Economy | Europe
The Debt Crisis Hiding Inside Europe's Rearmament Boom
Europe's defence spending surge is being funded largely by borrowing. Here is what the debt consequences look like for the next decade — and which countries are most exposed.
The political celebration of European rearmament — the relief that the continent is finally taking its own defence seriously, the satisfaction that the NATO two-percent target is now being met and in many cases exceeded — has not been accompanied by equally clear-eyed analysis of how the rearmament is being paid for and what the fiscal consequences will be.
The honest answer is: mostly by borrowing. The EU's SAFE facility provides common debt instruments backed by EU guarantees. The new EU fiscal rule exemptions for defence spending allow member states to borrow for military purposes without those borrowings counting against deficit rules. National defence budget increases are being funded predominantly through bond issuance rather than tax increases or reductions in other spending.
This is not inherently wrong. There is a strong economic case for debt-financing security investment: the benefits — deterrence of conflict, protection of the social and economic infrastructure that debt-funded investment ultimately protects — accrue over decades, making it appropriate to spread the cost over time. The analogy to household borrowing for a home that provides shelter for twenty years, rather than paying cash from annual income, is imperfect but directionally correct.

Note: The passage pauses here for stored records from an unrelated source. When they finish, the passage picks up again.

(* Let $r$ be a positive integer and $(S,\mathcal T)$ a feasible instance of test set with redundancy $r$, with $|S|=n$. Let $\mathcal T^*$ be an optimal (minimum-cardinality) $r$-test set, $m^*=|\mathcal T^*|$, let $\#_0=rn(n-1)/2$, and let $\#_B$ be the number of item pairs differentiated by exactly $r$ tests in $\mathcal T^*$; assume $\#_B>0$. Then the size of every solution returned by the set cover greedy algorithm SGA (with any tie-breaking) is at most $$\Big(\ln\#_0-\frac{1}{r+1}\ln\frac{\#_0}{\#_B}+\frac{r}{r+1}\ln(r+1)+1\Big)m^*+1.$$
   Context: Test set with redundancy $r\in\mathbb Z^+$: the input is a finite set of items $S$ with $|S|=n$ and a collection $\mathcal T$ of subsets of $S$ (called tests); it is assumed that there are no two tests $T_1,T_2\in\mathcal T$ with $T_1=S-T_2$. An item pair is a set $\{i,j\}$ of two different items of $S$. A test $T$ differentiates an item pair $a$ if $|T\cap a|=1$; for a family $\mathcal F$ of tests, $\perp(a,\mathcal F)$ denotes the number of tests in $\mathcal F$ that differentiate $a$. A family $\mathcal T'\subseteq\mathcal T$ is an $r$-test set of $S$ if every item pair is differentiated by at least $r$ different tests of $\mathcal T'$; the goal is to find an $r$-test set of minimum cardinality (the instance is feasible if some $r$-test set exists). For a family $\bar{\mathcal T}\subseteq\mathcal T$ define the differentiation measure $\#(\bar{\mathcal T})=\sum_a\max(r-\perp(a,\bar{\mathcal T}),0)$, the sum over all item pairs $a$; note $\#(\varnothing)=rn(n-1)/2$. The set cover greedy algorithm SGA: start with $\bar{\mathcal T}=\varnothing$; while $\#(\bar{\mathcal T})>0$, select a test $T\in\mathcal T-\bar{\mathcal T}$ minimizing $\#(\bar{\mathcal T}\cup\{T\})$ and set $\bar{\mathcal T}\leftarrow\bar{\mathcal T}\cup\{T\}$; return $\bar{\mathcal T}$. *)

theory Defs
  imports Complex_Main
begin

definition item_pairs :: "'a set \<Rightarrow> 'a set set" where
  "item_pairs S = {a. \<exists>i j. i \<in> S \<and> j \<in> S \<and> i \<noteq> j \<and> a = {i, j}}"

The problem is that this borrowing is happening in an environment where several major European economies already carry public debt levels that fiscal economists describe as requiring, rather than tolerating, additional debt reduction. Italy's debt-to-GDP ratio exceeds 140 percent. France's is approaching 115 percent. Greece, despite its impressive economic recovery, retains elevated debt levels from its crisis decade. For these countries, simultaneous defence spending increases, energy subsidy costs, and the servicing of existing debt creates fiscal arithmetic that is manageable in benign conditions but becomes increasingly difficult in conditions of higher interest rates.
The ECB's potential interest rate increase — being actively discussed in response to the Iran war inflation surge — would add directly to the debt service costs of these already-exposed sovereigns, creating a feedback loop between the geopolitical crisis and the fiscal constraints of the countries most needing to respond to it.